= America's Blood Centers =

Network of nonprofit blood banks

Founded in 1962, America's Blood Centers (ABC) is an association of independent non-profit blood centers that operates in Canada and the United States. ABC member organizations operate more than 600 blood collection sites providing close to 60 percent of the U.S., and a quarter of the Canadian, blood supply. These blood centers serve more than 150 million people and provide blood products and services to more than 3,500 hospitals and healthcare facilities across North America. All ABC U.S. members are licensed and regulated by the U.S. Food and Drug Administration. Kate Fry, MBA, CAE, currently leads the organization as Chief Executive Officer.

==Leadership==
===Chief Executive Officers (CEOs)===

CEO
| June 1986 | March 2013 | James MacPherson, MS |
| Sept. 20. 2013 | May 2017 | Christine Zambricki, DNAP, CRNA |
| April 2018 | ~ | Kate Fry, MBA, CAE |

===Presidents===

President
| 2005 | 2007 | Merlyn H. Sayers, M.B., B.Ch., Ph.D. |
| 2007 | ... | Donald Doddridge. |
| ... | ... | ... |
| ... | 2013 | Dan Waxman |
| 2013 | ... | Dave Green |
| ... | ... | ... |
| 2017 | 2019 | Martin Grable. |
| 2019 | 2021 | Mike Parejko. |
| 2021 | ~ | John B. Miller. |

===Chief Medical Officer===
- Jed Gorlin, MD, MBA

===Senior Director, Federal Government Affairs===
- Diane Calmus, JD

===Executive Director, ADRP, An International Division of ABC===
- Carla Peterson

== Activities ==
===ABC Awards of Excellence===
The annual Awards of Excellence are given to individuals, civic groups, media organizations, corporations and advocates involved in blood donation through the awards ceremony.
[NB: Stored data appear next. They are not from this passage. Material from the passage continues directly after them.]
lemma disjnt_segment_less_Min:
  assumes "segment S" and "segment T" and "disjnt S T" and "Min T \<le> Min S" and "x \<in> T"
  shows "x < Min S"
proof (rule ccontr)
  assume "\<not> x < Min S"
  then have "Min S \<in> T" using assms(4,5) segment_eq_Min_Max(3)[OF assms(2)] by auto
  moreover have "Min S \<in> S" using segment_eq_Min_Max(2,3)[OF assms(1)] by auto
  ultimately show False using \<open>disjnt S T\<close> by (auto simp: disjnt_def)
qed

lemma sorted_segments_snoc:
  assumes "sorted_segments n a b" and "l \<le> u" and "\<forall>j<n. b j < l"
  shows "sorted_segments (Suc n) (a(n := l)) (b(n := u))"
  unfolding sorted_segments_def
proof (intro conjI allI impI)
  fix j assume "j < Suc n"
  then show "(a(n := l)) j \<le> (b(n := u)) j"
    using assms(1,2) unfolding sorted_segments_def by (cases "j = n") auto
next
  fix j assume "Suc j < Suc n"
  show "(b(n := u)) j < (a(n := l)) (Suc j)"
  proof (cases "Suc j = n")
    case True
    then show ?thesis using assms(3) by simp
  next
    case False
    then show ?thesis using assms(1) \<open>Suc j < Suc n\<close> unfolding sorted_segments_def by simp
  qed
qed

lemma sorted_segments_of_disjoint:
  assumes "finite P" and "\<forall>S\<in>P. segment S" and "pairwise disjnt P"
  shows "\<exists>a b. sorted_segments (card P) a b \<and> P = (\<lambda>j. {a j..b j}) ` {..<card P}"
  using assms
proof (induction "card P" arbitrary: P)
  case 0
  then have "P = {}" by simp
  then show ?case by (simp add: sorted_segments_def)
next
  case (Suc n)
  have seg: "segment T" if "T \<in> P" for T using Suc.prems(2) that by blast
  have "P \<noteq> {}" using Suc.hyps(2) by auto
  then have "Max (Min ` P) \<in> Min ` P" using \<open>finite P\<close> by simp
  then obtain S where "S \<in> P" and "Min S = Max (Min ` P)" by auto
  then have S_max: "Min T \<le> Min S" if "T \<in> P" for T using \<open>finite P\<close> that by simp
  define P' where "P' = P - {S}"
  have "n = card P'" using Suc.hyps(2) \<open>S \<in> P\<close> \<open>finite P\<close> by (simp add: P'_def)
  moreover have "finite P'" and "\<forall>T\<in>P'. segment T" and "pairwise disjnt P'"
    using Suc.prems pairwise_subset[of disjnt P P'] by (auto simp: P'_def)
  ultimately obtain a b where ab: "sorted_segments n a b" and P': "P' = (\<lambda>j. {a j..b j}) ` {..<n}"
    using Suc.hyps(1) by blast
  have "b j < Min S" if "j < n" for j
  proof -
    have "{a j..b j} \<in> P'" and "b j \<in> {a j..b j}" using P' ab that unfolding sorted_segments_def by auto
    then have "{a j..b j} \<in> P" and "disjnt S {a j..b j}"
      using pairwiseD[OF Suc.prems(3) \<open>S \<in> P\<close>] by (auto simp: P'_def)
    then show ?thesis
      using disjnt_segment_less_Min seg \<open>S \<in> P\<close> S_max \<open>b j \<in> {a j..b j}\<close> by blast
  qed
  then have "sorted_segments (Suc n) (a(n := Min S)) (b(n := Max S))"
    using sorted_segments_snoc[OF ab] segment_eq_Min_Max(2)[OF seg[OF \<open>S \<in> P\<close>]] by blast
  moreover have "P = (\<lambda>j. {(a(n := Min S)) j..(b(n := Max S)) j}) ` {..<Suc n}"
  proof -
    have "(\<lambda>j. {(a(n := Min S)) j..(b(n := Max S)) j}) ` {..<n} = P'"
      unfolding P' by (rule image_cong) auto
    moreover have "{Min S..Max S} = S" using segment_eq_Min_Max(1)[OF seg[OF \<open>S \<in> P\<close>], symmetric] .
    ultimately show ?thesis
      unfolding lessThan_Suc image_insert using \<open>S \<in> P\<close> by (simp add: P'_def insert_absorb)
  qed
  ultimately show ?case unfolding Suc.hyps(2)[symmetric] by blast
qed

lemma seg_num_decomposition:
  assumes "finite A"
  obtains a b where "sorted_segments (seg_num A) a b" and "A = (\<Union>j<seg_num A. {a j..b j})"
proof -
  let ?decomposes = "\<lambda>k P. finite P \<and> card P = k \<and> (\<forall>S\<in>P. segment S) \<and> pairwise disjnt P \<and> \<Union>P = A"
  have "segment {x}" for x
    unfolding segment_def by (metis atLeastAtMost_singleton insert_not_empty)
  moreover have "card ((\<lambda>x. {x}) ` A) = card A"
    by (rule card_image) (auto simp: inj_on_def)
  ultimately have "?decomposes (card A) ((\<lambda>x. {x}) ` A)"
    using \<open>finite A\<close> by (auto simp: pairwise_def disjnt_def)
  then have "\<exists>P. ?decomposes (seg_num A) P"
    unfolding seg_num_def by (rule LeastI[of "\<lambda>k. \<exists>P. ?decomposes k P", OF exI])
  then obtain P where "finite P" and card_P: "card P = seg_num A" and "\<forall>S\<in>P. segment S"
    and "pairwise disjnt P" and P_A: "\<Union>P = A"
    by (elim exE conjE)
  obtain a b where "sorted_segments (card P) a b" and P_eq: "P = (\<lambda>j. {a j..b j}) ` {..<card P}"
    using sorted_segments_of_disjoint[OF \<open>finite P\<close> \<open>\<forall>S\<in>P. segment S\<close> \<open>pairwise disjnt P\<close>]
    by (elim exE conjE)
  show ?thesis
  proof (rule that)
    show "sorted_segments (seg_num A) a b" using \<open>sorted_segments (card P) a b\<close> card_P by simp
    show "A = (\<Union>j<seg_num A. {a j..b j})" using P_A P_eq card_P by simp
  qed
qed

definition segment_index :: "(nat \<Rightarrow> int) \<Rightarrow> int \<Rightarrow> nat" where
  "segment_index b x = (LEAST j. x \<le> b j)"

lemma segment_index_eq:
  assumes "sorted_segments s a b" and "j < s" and "a j \<le> x" and "x \<le> b j"
  shows "segment_index b x = j"
  unfolding segment_index_def
proof (rule Least_equality)
  fix i assume "x \<le> b i"
  show "j \<le> i"
  proof (rule ccontr)
    assume "\<not> j \<le> i"
    then have "b i < a j" using sorted_segments_less[OF assms(1)] assms(2) by simp
    with \<open>x \<le> b i\<close> \<open>a j \<le> x\<close> show False by simp
  qed
qed fact

lemma segment_index_mem:
  assumes "sorted_segments s a b" and "x \<in> (\<Union>j<s. {a j..b j})"
  shows "segment_index b x < s" and "a (segment_index b x) \<le> x" and "x \<le> b (segment_index b x)"
  using segment_index_eq[OF assms(1)] assms(2) by auto

(* The sumsets {a i..b i} + {a j..b j} and {a k..b k} + {a l..b l} meet iff both inequalities hold. *)
definition respects_sums :: "nat \<Rightarrow> (nat \<Rightarrow> int) \<Rightarrow> (nat \<Rightarrow> int) \<Rightarrow> (nat \<Rightarrow> int) \<Rightarrow> bool" where
  "respects_sums s a b c \<longleftrightarrow> (\<forall>i<s. \<forall>j<s. \<forall>k<s. \<forall>l<s.
     a i + a j \<le> b k + b l \<longrightarrow> a k + a l \<le> b i + b j \<longrightarrow> c i + c j = c k + c l)"

definition rigid_segments :: "nat \<Rightarrow> (nat \<Rightarrow> int) \<Rightarrow> (nat \<Rightarrow> int) \<Rightarrow> bool" where
  "rigid_segments s a b \<longleftrightarrow> (\<forall>c. respects_sums s a b c \<longrightarrow> (\<forall>j<s. c j = c 0))"

lemma f2_iso_labelled_graph:
  assumes "sorted_segments s a b" and "respects_sums s a b c"
  shows "f2_iso (\<Union>j<s. {a j..b j}) ((\<lambda>x. zpair x (c (segment_index b x))) ` (\<Union>j<s. {a j..b j}))"
proof (rule f2_iso_graph)
  let ?A = "\<Union>j<s. {a j..b j}"
  fix x y z t assume "x \<in> ?A" "y \<in> ?A" "z \<in> ?A" "t \<in> ?A" and "x + y = z + t"
  let ?i = "segment_index b x" and ?j = "segment_index b y"
    and ?k = "segment_index b z" and ?l = "segment_index b t"
  note mem = segment_index_mem[OF assms(1)]
  have "a ?i + a ?j \<le> b ?k + b ?l" and "a ?k + a ?l \<le> b ?i + b ?j"
    using mem(2,3)[OF \<open>x \<in> ?A\<close>] mem(2,3)[OF \<open>y \<in> ?A\<close>] mem(2,3)[OF \<open>z \<in> ?A\<close>]
      mem(2,3)[OF \<open>t \<in> ?A\<close>] \<open>x + y = z + t\<close>
    by linarith+
  then show "c ?i + c ?j = c ?k + c ?l"
    using assms(2) mem(1)[OF \<open>x \<in> ?A\<close>] mem(1)[OF \<open>y \<in> ?A\<close>] mem(1)[OF \<open>z \<in> ?A\<close>]
      mem(1)[OF \<open>t \<in> ?A\<close>]
    unfolding respects_sums_def by blast
qed

lemma in_hyperplane_graph_const:
  assumes "in_hyperplane 2 ((\<lambda>x. zpair x (g x)) ` A)"
    and "x \<in> A" and "x + 1 \<in> A" and "g (x + 1) = g x" and "y \<in> A"
  shows "g y = g x"
proof -
  obtain c :: "nat \<Rightarrow> real" and d where "\<exists>i<2. c i \<noteq> 0"
    and plane: "\<forall>p\<in>(\<lambda>x. zpair x (g x)) ` A. (\<Sum>i<2. c i * real_of_int (p i)) = d"
    using assms(1) unfolding in_hyperplane_def by blast
  have line: "c 0 * real_of_int u + c 1 * real_of_int (g u) = d" if "u \<in> A" for u
    using plane that by (simp add: zpair_def numeral_2_eq_2)
  have "c 0 = 0"
    using line[OF \<open>x \<in> A\<close>] line[OF \<open>x + 1 \<in> A\<close>] \<open>g (x + 1) = g x\<close> by (simp add: algebra_simps)
  then have "c 1 \<noteq> 0" using \<open>\<exists>i<2. c i \<noteq> 0\<close> by (auto simp: numeral_2_eq_2 less_Suc_eq)
  moreover have "c 1 * real_of_int (g y) = c 1 * real_of_int (g x)"
    using line[OF \<open>x \<in> A\<close>] line[OF \<open>y \<in> A\<close>] \<open>c 0 = 0\<close> by simp
  ultimately show ?thesis by simp
qed

lemma long_segment_if_card_gt:
  assumes "sorted_segments s a b" and "s < card (\<Union>j<s. {a j..b j})"
  obtains j where "j < s" and "a j < b j"
proof -
  have "\<not> (\<forall>j<s. b j - a j = 0)"
  proof
    assume "\<forall>j<s. b j - a j = 0"
    then have "(\<Sum>j<s. b j - a j) = 0" by simp
    then show False using card_sorted_segments[OF assms(1)] assms(2) by simp
  qed
  then obtain j where "j < s" and "b j - a j \<noteq> 0" by blast
  moreover have "a j \<le> b j" using assms(1) \<open>j < s\<close> unfolding sorted_segments_def by simp
  ultimately show ?thesis using that by simp
qed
By 2021, it has been held for 24 years.

===Annual Nexcare Give Program Celebrates===
Nexcare is 3M's personal health care brand. Annual Nexcare Give Program Celebrates is a national event in partnership with the Nexcare brand, American Blood Centers, and the American Red Cross. The campaign aims to raise awareness and inspire action by providing donors with Nexcare bandages designed in a different theme each year as a badge of honor, and to thank donors and encourage others to participate on World Blood Donor Day (June 14).

====3rd Annual Nexcare give Program====
- June 14–19, 2011.
- The bandage theme for this giveaway was derived from the latest runway trends of the time and featured vibrant designs such as V-shaped, plaid, chevron, zebra print, and "classic." The idea expressed in this issue is "helping to save a life is always in style."

====4th Annual Nexcare give Program====
- June 11–14, 2012.
- The 2012 designs are drawn from the fashion, design, and pop culture of the 1950s through the 2000s, including everything from vintage polka dots and tie-dye to plaid checks. This vintage design conveys the theme of "giving blood is timeless".

====5th Annual Nexcare give Program====
- June 10–14, 2013.
- The theme for 2013 is "It's Always in Season to Give Blood". All bandages this year have the text "give" and carry on the design inspiration from season 4.

====6th Annual Nexcare give Program====
- June 9–14, 2014.
- The theme for 2014 is "The Art of Giving". The bandage designs include impressionism, abstract art, contemporary art, pop art, and street art. And each bandage has the word "give" on it.

====7th Annual Nexcare give Program====
- June 8–14, 2015.
- In 2015, the Nexcare Give Program is themed "Creating a Culture of Giving". The designs were inspired by patterns and textiles from eight different cultures and locations.

====8th Annual Nexcare give Program====
- June 6–14, 2016.
- This year, Nexcare's theme is "Feel the Beat, Give Blood." The bandages are inspired by five unique dances from different parts of the world.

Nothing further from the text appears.